Тургенев и Жуковский превосходно понимали свою «разнонаправленность». В не предназначенном для печати поэтическом обращении к Жуковскому Тургенев противопоставляет себя адресату, что должен стать счастливым и спокойным «любимцем судьбы»: «А мне судьба велит за счастием гоняться, / Искать его, не находить» [Поэты: 244]. Здесь прикровенная отсылка к «Элегии» («Что счастье? Быстрый луч сквозь мрачных туч осенних / Блеснет – и только лишь несчастный в восхищеньи / К нему объятия и взоры устремит, / Уже сокрылось все, чем бедный веселился») соседствует с реминисценцией «Сельского кладбища» («Мой взор его искал – искал – не находил»[38]). У Жуковского строка эта входит в монолог селянина, рассказывающего об исчезновении (как выясняется позднее – смерти) «певца уединенного». Благодаря повтору глагола, нетривиальной пунктуации и положению в концовке последней нагнетающей тревогу строфы (в следующей – разгадка: «Наутро пение мы слышим гробовое»), строка эта оказывается «ударной». Цитируя ее, Тургенев вплетает в свою тему погони за счастьем (как явствует из «Элегии» – бессмысленной) мотив скорой смерти младого певца. (Безвременная кончина поэта задним числом наложила на стихи эти сильный отпечаток.) Развивая этот сюжет тремя годами позже в «Вечере», Жуковский словно бы принимает предсказанное Тургеневым амплуа счастливого поэта.

Блажен, кому дано цевницей оживлять

Часы сей жизни скоротечной!

Кто, в тихий утра час, когда туманный дым

Ложится по полям и холмы облачает,

И солнце, восходя, по рощам голубым

Спокойно блеск свой разливает,

Спешит, восторженный, оставя сельский кров,

В дубраву упредить пернатых пробужденье,

И, лиру соглася с свирелью пастухов,

Поет светила возрожденье!

Так петь есть мой удел…

И тут же – без какого-либо специального перехода – принимается «тургеневская» роль обреченного:

но долго ль?.. Как узнать?..

Ах! скоро, может быть, с Минваною унылой

Придет сюда Альпин в час вечера мечтать

Над тихой юноши могилой[39].

Разработанная Жуковским позднее антитеза «Теон – Эсхин» (в роли последнего, если мы выйдем в «жизненное пространство», оказывались Батюшков, по-своему повернувший этот сюжет в «Странствователе и домоседе», Кюхельбекер, Баратынский, Пушкин и даже поздний Гоголь) вырастала из сознания единства друзей-антагонистов (восходящей, вероятно, к повести Карамзина «Чувствительный и холодный», однако с существенной коррекцией в трактовке второго – «статичного» – персонажа).
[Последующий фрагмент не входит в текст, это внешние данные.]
lemma fourier_integral_frechet_derivative:
  fixes f :: "'a::euclidean_space \<Rightarrow> complex"
  assumes diff: "\<And>y. f differentiable (at y)" and e: "norm e = 1"
    and f_bound: "\<And>y. norm (f y) \<le> C1 * cauchy_weight y"
    and D_bound: "\<And>y. (1 + norm y) ^ (2 * DIM('a)) * norm (frechet_derivative f (at y) e) \<le> C2"
    and D_cont: "continuous_on UNIV (\<lambda>y. frechet_derivative f (at y) e)"
  shows "fourier_integral (\<lambda>y. frechet_derivative f (at y) e) x =
    - \<i> * complex_of_real (x \<bullet> e) * fourier_integral f x"
proof -
  define t where "t n = 1 / real (Suc n)" for n
  have t: "0 < t n" "t n \<le> 1" "t n \<noteq> 0" for n
    by (auto simp: t_def)
  have t_lim: "t \<longlonglongrightarrow> 0"
    unfolding t_def using LIMSEQ_inverse_real_of_nat by (simp add: inverse_eq_divide)
  have f_meas [measurable]: "f \<in> borel_measurable borel"
    using diff by (intro borel_measurable_continuous_onI continuous_at_imp_continuous_on ballI
      differentiable_imp_continuous_within)
  have [measurable]: "(\<lambda>y. frechet_derivative f (at y) e) \<in> borel_measurable borel"
    using D_cont by (rule borel_measurable_continuous_onI)
  have int: "integrable lborel (\<lambda>y. f y * cis (x \<bullet> y))"
    by (rule integrable_bounded_by_cauchy_weight[where C=C1]) (auto simp: norm_mult f_bound)
  let ?Q = "\<lambda>n y. (f (t n *\<^sub>R e + y) - f y) /\<^sub>R t n * cis (x \<bullet> y)"
  have "((\<lambda>s. cis (- (s * (x \<bullet> e)))) has_vector_derivative - \<i> * complex_of_real (x \<bullet> e)) (at 0)"
    unfolding has_vector_derivative_def
    by (rule has_derivative_eq_rhs, (rule derivative_intros)+) (simp add: fun_eq_iff scaleR_conv_of_real)
  from tendsto_mult_right[OF tendsto_difference_quotient[OF this t_lim t(3)], of "fourier_integral f x"]
  have "(\<lambda>n. \<integral>y. ?Q n y \<partial>lborel) \<longlonglongrightarrow> - \<i> * complex_of_real (x \<bullet> e) * fourier_integral f x"
    unfolding integral_difference_quotient_cis[OF f_meas int] by simp
  moreover have "(\<lambda>n. \<integral>y. ?Q n y \<partial>lborel) \<longlonglongrightarrow> fourier_integral (\<lambda>y. frechet_derivative f (at y) e) x"
    unfolding fourier_integral_def
  proof (rule integral_dominated_convergence[where w="\<lambda>y. 2 ^ (2 * DIM('a)) * C2 * cauchy_weight y"])
    show "integrable lborel (\<lambda>y. 2 ^ (2 * DIM('a)) * C2 * cauchy_weight y)"
      using integrable_cauchy_weight by (rule integrable_mult_right)
    show "AE y in lborel. norm (?Q n y) \<le> 2 ^ (2 * DIM('a)) * C2 * cauchy_weight y" for n
      using norm_difference_quotient_le_cauchy_weight[OF diff e D_bound t(1,2)] by (simp add: norm_mult)
    show "AE y in lborel. (\<lambda>n. ?Q n y) \<longlonglongrightarrow> frechet_derivative f (at y) e * cis (x \<bullet> y)"
    proof (rule AE_I2)
      fix y
      show "(\<lambda>n. ?Q n y) \<longlonglongrightarrow> frechet_derivative f (at y) e * cis (x \<bullet> y)"
        using tendsto_mult_right[OF tendsto_difference_quotient_frechet_derivative[OF diff t_lim t(3)],
          of e y "cis (x \<bullet> y)"] by simp
    qed
  qed simp_all
  ultimately show ?thesis
    using LIMSEQ_unique by blast
qed

section \<open>Fourier integrals of Schwartz functions\<close>

locale schwartz_function =
  fixes \<phi> :: "'a::euclidean_space \<Rightarrow> complex"
  assumes schwartz: "schwartz \<phi>"
begin

lemma differentiable_iter_pd: "set bs \<subseteq> Basis \<Longrightarrow> iter_pd bs \<phi> differentiable (at x)"
  using schwartz unfolding schwartz_def by blast

lemma continuous_on_iter_pd: "set bs \<subseteq> Basis \<Longrightarrow> continuous_on UNIV (iter_pd bs \<phi>)"
  by (intro continuous_at_imp_continuous_on ballI differentiable_imp_continuous_within
      differentiable_iter_pd)

lemma borel_measurable_iter_pd [measurable]:
  "set bs \<subseteq> Basis \<Longrightarrow> iter_pd bs \<phi> \<in> borel_measurable borel"
  by (rule borel_measurable_continuous_onI[OF continuous_on_iter_pd])

lemma iter_pd_decay: "set bs \<subseteq> Basis \<Longrightarrow> \<exists>C. \<forall>x. (1 + norm x) ^ n * norm (iter_pd bs \<phi> x) \<le> C"
  using schwartz unfolding schwartz_def by blast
Основная часть «Вечера» приходится на ночь: после восхода луны поэт предается скорбным раздумьям о сокрывшейся весне своих дней, утрате молодости и друзей-спутников, разочаровании, безжалостности судьбы. Но завершается элегия приходом утра (не важно, «реально» оно или грезится поэту), сквозь которое вновь проглядывает «ночь» (возможная смерть). Та же «диалектика» возникает на пике горестных рассуждений о всевозможных утратах: «Нет, нет! пусть всяк идет вослед судьбе своей, / Но в сердце любит незабвенных…». Отождествляя себя с Теоном (имеется в виду не только стихотворение 1814 года), Жуковский, во-первых, оспаривает концепцию Тургенева о тождестве душевного покоя (мира с бытием) и собственно счастья (подобно своему поэтическому alter ego, Жуковский перенес немало ударов судьбы), а во-вторых – при всем внешнем морализме, в иных случаях и навязчивом – признает некоторую правоту «странствователей». Теон лучше понимает Эсхина, чем Эсхин – Теона. Не случайно последними – заветными – трудами Жуковского стали поэмы о скитальцах, что досягают или должны досягнуть просветленного покоя, – «Одиссея» и «Странствующий жид». Осознав (не без серьезных колебаний, запечатленных особенно отчетливо в послании «К Филалету») свою судьбу как свою, Жуковский знает, что у других людей (в частности, поэтов) – другие судьбы.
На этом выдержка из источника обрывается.